During the Last Glacial Maximum around 25,000-20,000 years ago, the Arabian Peninsula became even drier, driving people and animals away. While life-size camel carvings discovered in Saudi Arabia’s Nefud desert in 2022 hinted at a human return, their exact dating remained uncertain.

The findings are “remarkable” as they push the age of camel rock art back by several millennia, according to Guillaume Charloux, an archaeologist at CNRS, the French national research agency, who was not involved in the study.

“These hundreds of representations are now potentially contemporary with the peak of cave art in Western Europe," he told Science magazine.

“It is very challenging to date engravings,” said Maria Guagnin, an archaeologist at Germany’s Max Planck Institute of Geoanthropology and lead author of the study. Archaeologists often rely on comparisons with nearby artifacts, which leave vast uncertainties regarding precise dates.


- Prehistoric zoo

In 2023, Guagnin’s team identified 60 more panels in the Nefud, bringing the total to 176 engravings, including a virtual menagerie of animals, with camels, ibex, horses, gazelles, and aurochs, an ancestor of modern cattle.

Many were carved high on sandstone cliffs, suggesting risky efforts by the artists.

Excavations beneath the site uncovered animal bones, hearths, tools, beads, shells, and a stone tool resembling those used at petroglyph sites worldwide. Dating of the finds placed the engravings between 12,800 and 11,400 years old.

The study challenges earlier claims that the art dated to 5600–5200 B.C.E.

“Ancient hunter-gatherers lived in the desert of northern Arabia much earlier than previously thought,” said Guagnin. “We can now finally show that the rock art tradition began over 12,000 years ago at the end of the last ice age.”

Trenches beneath the engravings also indicate that 16,000-13,000 years ago the region saw seasonal lakes, with sediments showing signs of past humidity, suggesting the art was placed near ancient water sources.

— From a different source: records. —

text \<open>The two remaining cases of the shrinking argument: if a branch meets \<open>Whole\<close> infinitely
  often, the rationals cut along it are pairwise distinct and their indices are bounded.\<close>

lemma M_branch_Whole_interior_False:
  assumes P: "is_branch ns" and W: "\<forall>N. \<exists>n\<ge>N. state_of (ns n) = Whole"
    and enclose: "\<And>n. m_a (ns n) \<le> \<alpha>" "\<And>n. \<beta> \<le> m_b (ns n)"
    and y: "\<alpha> < y" "y < \<beta>" "y \<in> interior M"
  shows False
proof -
  have "rat_enum (first_rat ({\<alpha><..<\<beta>} \<inter> interior M)) \<in> {\<alpha><..<\<beta>} \<inter> interior M"
    using y by (intro first_rat_mem) auto
  then obtain j where j: "rat_enum j \<in> {\<alpha><..<\<beta>} \<inter> interior M" ..
  define I where "I = {n. state_of (ns n) = Whole}"
  have "infinite I" unfolding I_def infinite_nat_iff_unbounded_le using W by blast
  moreover have "interior_index (m_a (ns n)) (m_b (ns n)) \<le> j" if "n \<in> I" for n
    unfolding interior_index_def using j enclose[of n] by (intro first_rat_le) auto
  moreover have "interior_index (m_a (ns n)) (m_b (ns n)) \<noteq> interior_index (m_a (ns m)) (m_b (ns m))"
    if "n \<in> I" "m \<in> I" "n < m" for n m
  proof -
    have "interior_rat (ns n) < m_a (ns m) \<or> m_b (ns m) < interior_rat (ns n)"
      using m_Whole_excludes[OF P _ _ \<open>n < m\<close>] that by (simp add: I_def)
    moreover have "m_a (ns m) < interior_rat (ns m)" "interior_rat (ns m) < m_b (ns m)"
      using interior_index[OF boundary_pair_node[of "ns m"]] that by (auto simp: I_def interior_rat_def)
    ultimately show ?thesis unfolding interior_rat_def by auto
  qed
  ultimately show False by (rule infinite_injective_bounded_False)
qed
text \<open>The Grassmann-Pluecker relation for \<open>(i_1..i_{r+1})\<close> and \<open>(j_1..j_{r-1})\<close>
  (list positions are 0-based, so the \<open>k\<close>-th term carries \<open>(-1)^(k+1)\<close>).\<close>
definition gp_relation :: "('a, 'm) hyperfield_scheme \<Rightarrow> (nat list \<Rightarrow> 'a) \<Rightarrow> nat list \<Rightarrow> nat list \<Rightarrow> bool" where
  "gp_relation F \<phi> is js \<longleftrightarrow>
     hf_zero F \<in> hf_sum F
       (map (\<lambda>k. hf_mul F (hf_signpow F (k + 1))
                   (hf_mul F (\<phi> (take k is @ drop (Suc k) is)) (\<phi> ((is ! k) # js))))
            [0..<length is])"

definition strong_GP :: "('a, 'm) hyperfield_scheme \<Rightarrow> nat \<Rightarrow> nat \<Rightarrow> (nat list \<Rightarrow> 'a) \<Rightarrow> bool" where
  "strong_GP F r n \<phi> \<longleftrightarrow>
     \<phi> \<in> hf_funs F r n \<and>
     (\<exists>xs\<in>tuples r n. \<phi> xs \<noteq> hf_zero F) \<and>
     alternating F r n \<phi> \<and>
     (\<forall>is js. length is = r + 1 \<and> set is \<subseteq> {1..n} \<and> length js + 1 = r \<and> set js \<subseteq> {1..n}
        \<longrightarrow> gp_relation F \<phi> is js)"

definition matroid_bases :: "'e set \<Rightarrow> 'e set set \<Rightarrow> bool" where
  "matroid_bases E \<B> \<longleftrightarrow>
     \<B> \<noteq> {} \<and> (\<forall>B\<in>\<B>. B \<subseteq> E) \<and>
     (\<forall>B1\<in>\<B>. \<forall>B2\<in>\<B>. \<forall>x\<in>B1 - B2. \<exists>y\<in>B2 - B1. insert y (B1 - {x}) \<in> \<B>)"
(* Continuity of the flux is built into W_h, whose normal components u_n are antisymmetric
   across interior faces.  Local conservation comes from testing the second equation of the
   scheme with the characteristic function of T: it is piecewise constant, so it lies in M_h,
   its gradient and Hessian vanish, and hence c(lambda_h, sigma) = 0 and b(u_h, sigma) reduces to
   the boundary term -<u_n, 1>_{dT}, while (f, sigma) = (f, 1)_T.  None of the coercivity,
   regularity or boundary-data hypotheses is needed. *)

lemma Wh_wn_antisym:
  assumes "v \<in> Wh Th faces k l" and "T1 \<in> Th" "T2 \<in> Th" "T1 \<noteq> T2"
    and "e \<in> faces T1 \<inter> faces T2" and "x \<in> e"
  shows "wn v T1 e x = - wn v T2 e x"
proof -
  from assms(1) have "\<forall>T1\<in>Th. \<forall>T2\<in>Th. T1 \<noteq> T2 \<longrightarrow>
      (\<forall>e\<in>faces T1 \<inter> faces T2. \<forall>x\<in>e. wn v T1 e x = - wn v T2 e x)"
    unfolding Wh_def by (simp only: mem_Collect_eq) (elim conjE)
  with assms(2-) show ?thesis by blast
qed

lemma wg_mesh_finite: "wg_mesh \<Omega> Th faces nrm \<Longrightarrow> finite Th"
  unfolding wg_mesh_def by (elim conjE)

lemma wg_mesh_normal_norm:
  assumes "wg_mesh \<Omega> Th faces nrm" and "T \<in> Th" and "e \<in> faces T"
  shows "norm (nrm T e) = 1"
proof -
  from assms(1) have "\<forall>T\<in>Th. polytopal_element T (faces T) (nrm T)"
    unfolding wg_mesh_def by (elim conjE)
  with assms(2) have "\<forall>e\<in>faces T. flat_face T e (nrm T e)"
    unfolding polytopal_element_def by blast
  with assms(3) show ?thesis
    unfolding flat_face_def by blast
qed

lemma num_flux_inner_normal:
  assumes "norm (nrm T e) = 1"
  shows "num_flux nrm u T e x \<bullet> nrm T e = wn u T e x"
  using assms by (simp add: num_flux_def dot_square_norm)

lemma polyfun_le_const: "polyfun_le k (\<lambda>_. c)"
  unfolding polyfun_le_def
  by (rule exI[of _ "{\<lambda>_. 0}"], rule exI[of _ "\<lambda>_. c"]) simp

lemma grad_const [simp]: "grad (\<lambda>_. c) = (\<lambda>_. 0)"
  unfolding grad_def by (simp add: fun_eq_iff)

lemma hess_const [simp]: "hess i j (\<lambda>_. c) = (\<lambda>_. 0)"
  unfolding hess_def by (simp add: fun_eq_iff)

lemma fint_mult_right: "fint e n (\<lambda>x. g x * c) = fint e n g * c"
  unfolding fint_def by simp

lemma piecewise_const_in_Mh: "(\<lambda>T _. c T) \<in> Mh Th k"
  unfolding Mh_def by (simp add: polyfun_le_const)

lemma cform_piecewise_const: "cform \<tau>1 \<tau>2 Th \<rho> (\<lambda>T _. c T) = 0"
  unfolding cform_def by simp

lemma bform_piecewise_const:
  "bform k Th faces nrm A bv v (\<lambda>T _. c T)
     = - (\<Sum>T\<in>Th. (\<Sum>e\<in>faces T. fint e (nrm T e) (wn v T e)) * c T)"
  unfolding bform_def
  by (simp add: fint_mult_right sum_distrib_right sum_negf)

lemma l2pair_piecewise_const:
  "l2pair Th f (\<lambda>T _. c T) = (\<Sum>T\<in>Th. (LINT x:T|lebesgue. f x) * c T)"
  unfolding l2pair_def by simp

lemma pdwg_solution_in_Wh:
  assumes "pdwg_solution \<Omega> \<Gamma>D Th faces nrm A bv k l \<tau>1 \<tau>2 f g1 g2 uh lamh"
  shows "uh \<in> Wh Th faces k l"
  using assms unfolding pdwg_solution_def by (elim conjE)

lemma pdwg_solution_dual_eq:
  assumes "pdwg_solution \<Omega> \<Gamma>D Th faces nrm A bv k l \<tau>1 \<tau>2 f g1 g2 uh lamh"
    and "\<sigma> \<in> Mh Th k"
  shows "- cform \<tau>1 \<tau>2 Th lamh \<sigma> + bform k Th faces nrm A bv uh \<sigma> = l2pair Th f \<sigma>"
proof -
  from assms(1)
  have "\<forall>\<sigma>\<in>Mh Th k. - cform \<tau>1 \<tau>2 Th lamh \<sigma> + bform k Th faces nrm A bv uh \<sigma> = l2pair Th f \<sigma>"
    unfolding pdwg_solution_def by (elim conjE)
  with assms(2) show ?thesis by blast
qed

lemma pdwg_solution_piecewise_const_balance:
  assumes "pdwg_solution \<Omega> \<Gamma>D Th faces nrm A bv k l \<tau>1 \<tau>2 f g1 g2 uh lamh"
  shows "- (\<Sum>T\<in>Th. (\<Sum>e\<in>faces T. fint e (nrm T e) (wn uh T e)) * c T)
           = (\<Sum>T\<in>Th. (LINT x:T|lebesgue. f x) * c T)"
  using pdwg_solution_dual_eq[OF assms piecewise_const_in_Mh]
  by (simp only: cform_piecewise_const bform_piecewise_const l2pair_piecewise_const) simp

lemma pdwg_solution_local_conservation:
  assumes "pdwg_solution \<Omega> \<Gamma>D Th faces nrm A bv k l \<tau>1 \<tau>2 f g1 g2 uh lamh"
    and "finite Th" and "T \<in> Th"
  shows "- (\<Sum>e\<in>faces T. fint e (nrm T e) (wn uh T e)) = (LINT x:T|lebesgue. f x)"
  using pdwg_solution_piecewise_const_balance[OF assms(1), of "\<lambda>T'. of_bool (T' = T)"]
  by (simp add: sum_mult_of_bool_eq assms(2,3))

lemma num_flux_normal_continuity:
  assumes "wg_mesh \<Omega> Th faces nrm" and "v \<in> Wh Th faces k l"
    and "T1 \<in> Th" "T2 \<in> Th" "T1 \<noteq> T2" and "e \<in> faces T1 \<inter> faces T2" and "x \<in> e"
  shows "num_flux nrm v T1 e x \<bullet> nrm T1 e + num_flux nrm v T2 e x \<bullet> nrm T2 e = 0"
proof -
  have "norm (nrm T1 e) = 1" "norm (nrm T2 e) = 1"
    using wg_mesh_normal_norm[OF assms(1)] assms(3,4,6) by blast+
  moreover have "wn v T1 e x = - wn v T2 e x"
    using Wh_wn_antisym[OF assms(2-)] .
  ultimately show ?thesis
    by (simp add: num_flux_inner_normal)
qed

lemma num_flux_local_conservation:
  assumes "wg_mesh \<Omega> Th faces nrm" and "T \<in> Th"
    and "pdwg_solution \<Omega> \<Gamma>D Th faces nrm A bv k l \<tau>1 \<tau>2 f g1 g2 uh lamh"
  shows "- (\<Sum>e\<in>faces T. fint e (nrm T e) (\<lambda>x. num_flux nrm uh T e x \<bullet> nrm T e))
           = (LINT x:T|lebesgue. f x)"
proof -
  have "(\<Sum>e\<in>faces T. fint e (nrm T e) (\<lambda>x. num_flux nrm uh T e x \<bullet> nrm T e))
          = (\<Sum>e\<in>faces T. fint e (nrm T e) (wn uh T e))"
    using wg_mesh_normal_norm[OF assms(1,2)]
    by (intro sum.cong refl arg_cong[where f = "fint _ _"]) (simp add: num_flux_inner_normal fun_eq_iff)
  also have "- \<dots> = (LINT x:T|lebesgue. f x)"
    using pdwg_solution_local_conservation[OF assms(3) wg_mesh_finite[OF assms(1)] assms(2)] .
  finally show ?thesis .
qed
(* Let $i\in\mathbb{N}$ and $f\in\mathbb{R}^n\setminus\mathbb{Z}^n$. Then $\mathcal{L}_i^n$ is $f$-closed.
   Context: $\mathcal{C}^n$ is the family of all $n$-dimensional closed convex subsets of $\mathbb{R}^n$; $\mathcal{C}^n_f$ is the subfamily of sets containing $f$ in the interior, and for $\mathcal{B}\subseteq\mathcal{C}^n$, $\mathcal{B}_f=\mathcal{B}\cap\mathcal{C}^n_f$. A set $B$ is lattice-free if $B\in\mathcal{C}^n$ and $\operatorname{int}(B)\cap\mathbb{Z}^n=\emptyset$. $\mathcal{L}_i^n$ is the family of all lattice-free polyhedra in $\mathbb{R}^n$ with at most $i$ facets. For $B\in\mathcal{C}^n$ with $0\in\operatorname{int}(B)$, $\psi_B(r)=\inf\{\lambda>0:r\in\lambda B\}$. A family $\mathcal{B}\subseteq\mathcal{C}^n$ is $f$-closed if whenever $B_t\in\mathcal{B}_f$ ($t\in\mathbb{N}$), $C\in\mathcal{C}^n_f$ and $\psi_{B_t-f}\to\psi_{C-f}$ pointwise on $\mathbb{R}^n$, then $C\in\mathcal{B}_f$. *)

theory Defs
  imports "HOL-Analysis.Analysis"
begin

definition lattice_pts :: "(real^'n) set" where
  "lattice_pts = {x. \<forall>k. x $ k \<in> \<int>}"

definition convC :: "(real^'n) set set" where
  "convC = {B. closed B \<and> convex B \<and> aff_dim B = int CARD('n)}"

definition convC_at :: "real^'n \<Rightarrow> (real^'n) set set" where
  "convC_at f = {B \<in> convC. f \<in> interior B}"

definition fam_at :: "(real^'n) set set \<Rightarrow> real^'n \<Rightarrow> (real^'n) set set" where
  "fam_at \<B> f = \<B> \<inter> convC_at f"

definition lattice_free :: "(real^'n) set \<Rightarrow> bool" where
  "lattice_free B \<longleftrightarrow> B \<in> convC \<and> interior B \<inter> lattice_pts = {}"

definition lf_polyhedra :: "nat \<Rightarrow> (real^'n) set set" where
  "lf_polyhedra i = {P. polyhedron P \<and> lattice_free P \<and>
      finite {F. F facet_of P} \<and> card {F. F facet_of P} \<le> i}"

definition gauge_fn :: "(real^'n) set \<Rightarrow> real^'n \<Rightarrow> real" where
  "gauge_fn B r = Inf {l. l > 0 \<and> r \<in> (\<lambda>x. l *\<^sub>R x) ` B}"

definition f_closed :: "real^'n \<Rightarrow> (real^'n) set set \<Rightarrow> bool" where
  "f_closed f \<B> \<longleftrightarrow>
     (\<forall>(Bs :: nat \<Rightarrow> (real^'n) set) C.
        (\<forall>t. Bs t \<in> fam_at \<B> f) \<longrightarrow> C \<in> convC_at f \<longrightarrow>
        (\<forall>r. (\<lambda>t. gauge_fn ((\<lambda>x. x - f) ` Bs t) r) \<longlonglongrightarrow> gauge_fn ((\<lambda>x. x - f) ` C) r) \<longrightarrow>
        C \<in> fam_at \<B> f)"

end

theory Submission
  imports Defs
begin

text \<open>After translating \<open>f\<close> to the origin, a lattice-free polyhedron with at most \<open>i\<close>
  facets and \<open>f\<close> in its interior is \<open>{y. c\<^sub>j \<bullet> y \<le> 1, j < i}\<close>, whose gauge is
  \<open>max 0 (max\<^sub>j c\<^sub>j \<bullet> r)\<close>. Pointwise convergence of these gauges bounds the normals
  \<open>c\<^sub>j\<close>, so along a subsequence they converge to some \<open>d\<^sub>j\<close>, and the limit gauge is
  \<open>max 0 (max\<^sub>j d\<^sub>j \<bullet> r)\<close>. Since a closed convex set is the sublevel set \<open>\<le> 1\<close> of its
  gauge, \<open>C - f = {y. d\<^sub>j \<bullet> y \<le> 1}\<close> has at most \<open>i\<close> facets. An interior point of
  \<open>C\<close> has limit gauge \<open>< 1\<close>, hence gauge \<open>< 1\<close> for some \<open>B\<^sub>t\<close>, so it is interior to
  \<open>B\<^sub>t\<close> as well; thus \<open>C\<close> inherits lattice-freeness.\<close>

fun polyhedral_gauge :: "(nat \<Rightarrow> 'a::real_inner) \<Rightarrow> nat \<Rightarrow> 'a \<Rightarrow> real" where
  "polyhedral_gauge c 0 r = 0"
| "polyhedral_gauge c (Suc k) r = max (polyhedral_gauge c k r) (c k \<bullet> r)"

definition unit_polyhedron :: "(nat \<Rightarrow> 'a::real_inner) \<Rightarrow> nat \<Rightarrow> 'a set" where
  "unit_polyhedron c k = {y. \<forall>j<k. c j \<bullet> y \<le> 1}"

lemma polyhedral_gauge_le_iff:
  "polyhedral_gauge c k r \<le> l \<longleftrightarrow> 0 \<le> l \<and> (\<forall>j<k. c j \<bullet> r \<le> l)"
  by (induction k) (auto simp: less_Suc_eq)

lemma polyhedral_gauge_less_iff:
  "polyhedral_gauge c k r < l \<longleftrightarrow> 0 < l \<and> (\<forall>j<k. c j \<bullet> r < l)"
  by (induction k) (auto simp: less_Suc_eq)

lemma inner_le_polyhedral_gauge: "j < k \<Longrightarrow> c j \<bullet> r \<le> polyhedral_gauge c k r"
  using polyhedral_gauge_le_iff[of c k r "polyhedral_gauge c k r"] by auto

lemma tendsto_polyhedral_gauge:
  assumes "\<And>j. j < k \<Longrightarrow> (\<lambda>t. c t j) \<longlonglongrightarrow> d j"
  shows "(\<lambda>t. polyhedral_gauge (c t) k r) \<longlonglongrightarrow> polyhedral_gauge d k r"
  using assms by (induction k) (auto intro!: tendsto_max tendsto_intros)

lemma continuous_on_polyhedral_gauge: "continuous_on S (polyhedral_gauge c k)"
  by (induction k) (auto intro!: continuous_intros)

lemma mem_unit_polyhedron_iff: "y \<in> unit_polyhedron c k \<longleftrightarrow> polyhedral_gauge c k y \<le> 1"
  by (simp add: unit_polyhedron_def polyhedral_gauge_le_iff)

lemma interior_unit_polyhedron:
  "interior (unit_polyhedron c k) = {y. polyhedral_gauge c k y < 1}"
proof (intro set_eqI iffI)
  fix y assume "y \<in> interior (unit_polyhedron c k)"
  then obtain e where e: "e > 0" "ball y e \<subseteq> unit_polyhedron c k"
    using mem_interior by blast
  show "y \<in> {y. polyhedral_gauge c k y < 1}"
  proof (cases "y = 0")
    case False
    define s where "s = e / (2 * norm y)"
    have "s > 0" using e False by (simp add: s_def)
    have "dist y ((1 + s) *\<^sub>R y) < e"
      using e False by (simp add: s_def dist_norm algebra_simps)
    then have "(1 + s) *\<^sub>R y \<in> unit_polyhedron c k" using e by auto
    \<comment> \<open>pushing \<open>y\<close> outwards by the factor \<open>1 + s\<close> stays inside, so \<open>y\<close> satisfies
      every inequality strictly\<close>
    then have "(1 + s) * (c j \<bullet> y) \<le> 1" if "j < k" for j
      using that by (auto simp: unit_polyhedron_def)
    then have "c j \<bullet> y < 1" if "j < k" for j
      using that \<open>s > 0\<close> by (smt (verit) mult_le_cancel_right1 mult.commute)
    then show ?thesis by (simp add: polyhedral_gauge_less_iff)
  qed (simp add: polyhedral_gauge_less_iff)
next
  fix y assume "y \<in> {y. polyhedral_gauge c k y < 1}"
  moreover have "open {y. polyhedral_gauge c k y < 1}"
    by (intro open_Collect_less continuous_on_polyhedral_gauge continuous_intros)
  moreover have "{y. polyhedral_gauge c k y < 1} \<subseteq> unit_polyhedron c k"
    by (auto simp: mem_unit_polyhedron_iff)
  ultimately show "y \<in> interior (unit_polyhedron c k)"
    by (meson interior_maximal interior_open subsetD)
qed

lemma gauge_fn_eq_Inf:
  "gauge_fn K y = Inf {l. l > 0 \<and> (1 / l) *\<^sub>R y \<in> K}"
proof -
  have "y \<in> (\<lambda>x. l *\<^sub>R x) ` K \<longleftrightarrow> (1 / l) *\<^sub>R y \<in> K" if "l > 0" for l
    using that by (auto simp: image_iff intro: bexI[of _ "(1 / l) *\<^sub>R y"])
  then show ?thesis
    unfolding gauge_fn_def by (metis (lifting))
qed

lemma gauge_fn_unit_polyhedron:
  "gauge_fn (unit_polyhedron c k) r = polyhedral_gauge c k r"
proof -
  let ?g = "polyhedral_gauge c k r"
  have "(1 / l) *\<^sub>R r \<in> unit_polyhedron c k \<longleftrightarrow> ?g \<le> l" if "l > 0" for l
    using that by (simp add: unit_polyhedron_def polyhedral_gauge_le_iff divide_le_eq mult.commute)
  then have eq: "{l. l > 0 \<and> (1 / l) *\<^sub>R r \<in> unit_polyhedron c k} = {l. 0 < l \<and> ?g \<le> l}"
    by blast
  have "?g \<ge> 0"
    using polyhedral_gauge_le_iff by blast
  then consider "?g = 0" | "?g > 0" by linarith
  then show ?thesis
  proof cases
    case 1
    then have "{l. 0 < l \<and> ?g \<le> l} = {0<..}" by auto
    then show ?thesis unfolding gauge_fn_eq_Inf eq using 1 by simp
  next
    case 2
    then have "{l. 0 < l \<and> ?g \<le> l} = {?g..}" by auto
    then show ?thesis unfolding gauge_fn_eq_Inf eq by simp
  qed
qed

lemma scaleR_mem_convex:
  fixes K :: "'a::real_vector set"
  assumes "convex K" "0 \<in> K" "x \<in> K" "0 \<le> u" "u \<le> 1"
  shows "u *\<^sub>R x \<in> K"
  using convexD[OF assms(1,3,2), of u "1 - u"] assms(4,5) by simp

Guagnin said this provides the earliest evidence of seasonal water returning to the Arabian Peninsula after the arid Last Glacial Maximum. The camel engravings suggest that humans quickly utilized these water sources and may have followed them, with similar carvings found across three sites about 30 kilometers (19 miles) apart, possibly marking a corridor connecting the ancient water sources.